On May 1, days after the Rev. Jeremiah Wright's latest divisive remarks and Obama's renouncement of his former pastor, VoteBoth amended its mission. It now would support a joint ticket in either order, so long as Clinton's name was on the ballot.
Last week, as Obama's strong showing made him all but certain to clinch the nomination, VoteBoth leaders began putting themselves in the spotlight, sending regular press releases, posting blogs and appearing in interviews.
Parkhomenko wrote a widely circulated piece on The Huffington Post on Tuesday as voters went to the polls in North Carolina and Indiana primaries. "VoteBoth does not aim to pick who leads the ticket," he said. He wrote of friends who "believe in Barack as strongly as I believe in Hillary" and wanting to be inclusive "as a matter of fairness, practicality, experience and hope."
On Friday, when word went out that Sen. Ted Kennedy, D-Mass., didn't see Clinton as Obama's pick for a running mate, VoteBoth released a statement offering respect for Kennedy. But it added, "We think that the millions of Democrats who have voted for Barack Obama and Hillary Clinton have something to say, too. Why stop at having a nominee who has the support of 51 percent of Democrats when we could have a 'Dream Team' ticket that has won 100 percent?"
On Friday, Parkhomenko said through a spokesman that his decision to change the mission came after talking to an Obama supporter. He also said he gave neither the Clinton nor Obama campaigns a heads-up about his group.
In an interview Friday, Arora said VoteBoth is not coordinated with Clinton's campaign, and is "just a bunch of us volunteering our time because we think this is a good idea." Despite the lopsided Clinton connections, he said it isn't just about supporting Clinton but about bringing together the rivals' historic turnout and fund-raising machines and constituencies.
"There's been a lot of talk about a unity ticket and we think that's where the conversation should be," said Arora, choosing a word — conversation — that Clinton used to frame her campaign appearances. "If we've been able to help the discussion forward, that's what we're focused on."
"If Barack Obama is the nominee and he takes Senator Clinton as his vice president, you've got a ticket that's already won 100 percent of the Democratic vote, that's turned out a record number of Democratic voters and that has shattered fundraising records. A unity ticket is the way Democrats win in November."

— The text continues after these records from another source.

(* Assume $M$ has genus zero, let $a\in(0,1)$, $b=1-a$, and $p=\frac{q'}{q'+a^{-1}-1}$. Let $\omega\subseteq\mathsf E$ be distributed according to the $\mathrm{FK}(qq')$ random cluster model on $\mathsf G$ with parameter $p$ and free boundary conditions, i.e. $\propto (qq')^{k(\omega)}p^{|\omega|}(1-p)^{|\mathsf E\setminus\omega|}$. Independently assign to each cluster of $\omega$ a spin chosen uniformly from $Q$, and to each cluster of $\omega^\dagger$ (in $\mathsf G^*$) a spin chosen uniformly from $Q'$, all independently, and let $\sigma:\mathsf V\to Q$, $\sigma':\mathsf U\to Q'$ be the resulting spin configurations. Then $(\sigma,\sigma')$ has law $\mathbf P(\sigma,\sigma')\propto a^{|\eta(\sigma')|}b^{|\eta(\sigma)|}$ on $\Sigma$.
   Context: $M$ is the sphere or the plane. Let $\mathsf G=(\mathsf V,\mathsf E)$ be a finite connected graph embedded in $M$ with all faces topological discs, and $\mathsf G^*=(\mathsf U,\mathsf E^* )$ its embedded dual ($\mathsf U$ = faces of $\mathsf G$); $e^*$ is the dual edge crossing $e$, $\xi^*=\{e^*:e\in\xi\}$, and for $\xi\subseteq\mathsf E$, $\xi^\dagger=\mathsf E^*\setminus\xi^*$. Fix integers $q,q'\ge1$ and finite $Q,Q'\subset\mathbb C$ with $Q=-Q$, $Q'=-Q'$, $|Q|=q$, $|Q'|=q'$. For $\sigma:\mathsf V\to Q$, $\eta(\sigma)\subseteq\mathsf E^*$ is the set of $e^*$ whose primal $e$ has endpoints with different $\sigma$-values; for $\sigma':\mathsf U\to Q'$, $\eta(\sigma')\subseteq\mathsf E$ is the set of $e$ whose dual $e^*$ has endpoints with different $\sigma'$-values. $\Sigma=\{(\sigma,\sigma'):\eta(\sigma)^*\cap\eta(\sigma')=\emptyset\}$. A cluster of $\omega$ is a connected component of $(\mathsf V,\omega)$ (isolated vertices included), $k(\omega)$ their number; clusters of $\omega^\dagger$ are connected components of $(\mathsf U,\omega^\dagger)$. *)

theory Defs
  imports Complex_Main "HOL-Library.FuncSet"
begin

text \<open>A connected graph cellularly embedded in an orientable surface is encoded by a
combinatorial map: a finite set of darts D (half-edges), a fixed-point-free involution
alpha on D (the two darts of an edge) and a permutation rho of D (cyclic order of darts
around each vertex).  Vertices are rho-orbits, edges are alpha-orbits, faces are orbits
of rho o alpha.  The edge {d, alpha d} joins the vertices orb rho d and orb rho (alpha d);
its dual edge joins the faces of d and of alpha d.\<close>

definition orb :: "('d \<Rightarrow> 'd) \<Rightarrow> 'd \<Rightarrow> 'd set" where
  "orb f d = range (\<lambda>n. (f ^^ n) d)"

definition map_verts :: "'d set \<Rightarrow> ('d \<Rightarrow> 'd) \<Rightarrow> 'd set set" where
  "map_verts D rho = orb rho ` D"

definition face_of :: "('d \<Rightarrow> 'd) \<Rightarrow> ('d \<Rightarrow> 'd) \<Rightarrow> 'd \<Rightarrow> 'd set" where
  "face_of alpha rho d = orb (rho \<circ> alpha) d"

definition map_faces :: "'d set \<Rightarrow> ('d \<Rightarrow> 'd) \<Rightarrow> ('d \<Rightarrow> 'd) \<Rightarrow> 'd set set" where
  "map_faces D alpha rho = face_of alpha rho ` D"

definition map_edges :: "'d set \<Rightarrow> ('d \<Rightarrow> 'd) \<Rightarrow> 'd set set" where
  "map_edges D alpha = (\<lambda>d. {d, alpha d}) ` D"

definition comb_map :: "'d set \<Rightarrow> ('d \<Rightarrow> 'd) \<Rightarrow> ('d \<Rightarrow> 'd) \<Rightarrow> bool" where
  "comb_map D alpha rho \<longleftrightarrow>
     finite D \<and> D \<noteq> {} \<and> bij_betw alpha D D \<and> bij_betw rho D D \<and>
     (\<forall>d\<in>D. alpha d \<noteq> d \<and> alpha (alpha d) = d) \<and>
     (\<forall>d\<in>D. \<forall>d'\<in>D. (d, d') \<in> ({(x, alpha x) | x. x \<in> D} \<union> {(x, rho x) | x. x \<in> D})\<^sup>*)"

definition genus_zero :: "'d set \<Rightarrow> ('d \<Rightarrow> 'd) \<Rightarrow> ('d \<Rightarrow> 'd) \<Rightarrow> bool" where
  "genus_zero D alpha rho \<longleftrightarrow>
     int (card (map_verts D rho)) - int (card (map_edges D alpha))
       + int (card (map_faces D alpha rho)) = 2"

definition primal_rel :: "'d set \<Rightarrow> ('d \<Rightarrow> 'd) \<Rightarrow> ('d \<Rightarrow> 'd) \<Rightarrow> 'd set set \<Rightarrow> ('d set \<times> 'd set) set" where
  "primal_rel D alpha rho \<omega> =
     {(orb rho d, orb rho (alpha d)) | d. d \<in> D \<and> {d, alpha d} \<in> \<omega>}"

text \<open>Adjacency of faces via the dual edges of omega-dagger = E* minus omega*.\<close>
definition dual_rel :: "'d set \<Rightarrow> ('d \<Rightarrow> 'd) \<Rightarrow> ('d \<Rightarrow> 'd) \<Rightarrow> 'd set set \<Rightarrow> ('d set \<times> 'd set) set" where
  "dual_rel D alpha rho \<omega> =
     {(face_of alpha rho d, face_of alpha rho (alpha d)) | d. d \<in> D \<and> {d, alpha d} \<notin> \<omega>}"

Obama's campaign declined comment on VoteBoth. The Clinton campaign did not respond to a request for comment.
Obama or Clinton? Neither beats McCain
in Ky., poll finds
By Ryan Alessi | Lexington Herald-Leader
Posted on Sunday, May 11, 2008
LEXINGTON, Ky. -- U.S. Sen. Hillary Clinton enters the final week before Kentucky's May 20 Democratic presidential primary with a commanding 27 percentage point lead over U.S. Sen. Barack Obama, a new poll shows.
But either Democratic candidate would trail the expected Republican nominee, John McCain, in the state by double digits if the November general election were held today, according to a companion survey of likely voters.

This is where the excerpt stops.